Владимир захлопнул крышку дипломата и спустил ногу с кровати, целясь в мокасину с кисточкой, приобретенную в «Харродсе».
А потом постучали в дверь — два раза.
…Владимир как сумасшедший ринулся вон из палаты, обхватив себя здоровой рукой; ему чудилось, будто тело вот-вот свернется пополам, как армейская койка. Он несся галопом по убогим зеленым коридорам, казавшимся продолжением его палаты, мимо бесчисленных пожилых медсестер с тележками для еды, не обращавших на него ни малейшего внимания, бежал, то и дело сворачивая за угол, ведомый магической красной пиктограммой — стрелкой с восклицательным знаком, наверняка означавшей ВЫХОД!
На улицу! Владимир с разбега влетел в правскую весну! Улица, вероятно, вела к Народному проспекту и была заставлена древними, покореженными «фиатами» «скорой помощи»… Знакомый БМВ стоял прямо напротив больничного крыльца; двух подручных Сурка, Шурика и Бревно, развлекало трио слоноподобных медсестер, их волосы — три охапки желтой соломы — развевал ветер, создавая прикрытие для побега. Компания, похоже, дурачилась со шприцем.

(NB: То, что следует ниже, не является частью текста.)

text \<open>A small category is given by a set of morphisms Mor, a set of objects
Ob (identified with identity morphisms, Ob \<subseteq> Mor), domain/codomain maps
and a composition cmp g h (= g h, defined when dom g = cod h).\<close>

definition category ::
  "'m set \<Rightarrow> 'm set \<Rightarrow> ('m \<Rightarrow> 'm) \<Rightarrow> ('m \<Rightarrow> 'm) \<Rightarrow> ('m \<Rightarrow> 'm \<Rightarrow> 'm) \<Rightarrow> bool" where
  "category Mor Ob d c cmp \<longleftrightarrow>
     Ob \<subseteq> Mor \<and>
     (\<forall>g\<in>Mor. d g \<in> Ob \<and> c g \<in> Ob) \<and>
     (\<forall>e\<in>Ob. d e = e \<and> c e = e) \<and>
     (\<forall>g\<in>Mor. \<forall>h\<in>Mor. d g = c h \<longrightarrow>
        cmp g h \<in> Mor \<and> d (cmp g h) = d h \<and> c (cmp g h) = c g) \<and>
     (\<forall>g\<in>Mor. cmp (c g) g = g \<and> cmp g (d g) = g) \<and>
     (\<forall>f\<in>Mor. \<forall>g\<in>Mor. \<forall>h\<in>Mor. d f = c g \<longrightarrow> d g = c h \<longrightarrow>
        cmp (cmp f g) h = cmp f (cmp g h))"

text \<open>A partial category action: act g x = Some y means g\<cdot>x is defined and equals y.
Only values with g \<in> Mor, x \<in> X are relevant.\<close>

definition partial_cat_action ::
  "'m set \<Rightarrow> 'm set \<Rightarrow> ('m \<Rightarrow> 'm) \<Rightarrow> ('m \<Rightarrow> 'm) \<Rightarrow> ('m \<Rightarrow> 'm \<Rightarrow> 'm)
   \<Rightarrow> 'x set \<Rightarrow> ('m \<Rightarrow> 'x \<Rightarrow> 'x option) \<Rightarrow> bool" where
  "partial_cat_action Mor Ob d c cmp X act \<longleftrightarrow>
     (\<forall>g\<in>Mor. \<forall>x\<in>X. \<forall>y. act g x = Some y \<longrightarrow> y \<in> X) \<and>
     (\<forall>x\<in>X. \<exists>e\<in>Ob. act e x \<noteq> None) \<and>
     (\<forall>x\<in>X. \<forall>f\<in>Ob. act f x \<noteq> None \<longrightarrow> act f x = Some x) \<and>
     (\<forall>g\<in>Mor. \<forall>x\<in>X. act g x \<noteq> None \<longrightarrow> act (d g) x \<noteq> None) \<and>
     (\<forall>g\<in>Mor. \<forall>h\<in>Mor. \<forall>x\<in>X. \<forall>y. d g = c h \<longrightarrow> act h x = Some y \<longrightarrow>
        ((act (cmp g h) x \<noteq> None \<longleftrightarrow> act g y \<noteq> None) \<and>
         (act (cmp g h) x \<noteq> None \<longrightarrow> act (cmp g h) x = act g y)))"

Три на его часах. Секундная стрелка продвинулась на пять делений вперед. И — оранжевый шар над головой. Небо покачнулось. Старый город вздрогнул. По Новому городу пробежала судорога. Землетрясение началось.
Морган!
Владимир понимал, что нужно побыстрее уходить, но не мог оторвать глаз от горящей Ноги. Как ни странно, она напоминала факел в руках статуи Свободы, разве что этот факел был куда величественнее. Красивые клубы серого дыма поднимались ввысь и плыли над Тавлатой и мощеными дворами замка. С обратной стороны Ноги, там, где вдоль Пятки сновал лифт и проходили кабели, электрические искры сворачивались в сине-белые спирали, ослепительные, как молнии, и срывались — хорошо бы, не нанося никому вреда, — на барочные формы «Столованского винного архива» и бутика «Хьюго Босс». Альфа оказался прав в своих вычислениях: Нога свернулась, две верхние трети рухнули в пустоту нижней трети. В теперешнем виде усеченная, дымящаяся Нога и впрямь стала вехой, пресловутым «пеплом истории», вокруг которого соберутся вскоре ветераны холодной войны и экономического факультета Чикагского университета, дабы погреть мускулистые ладони.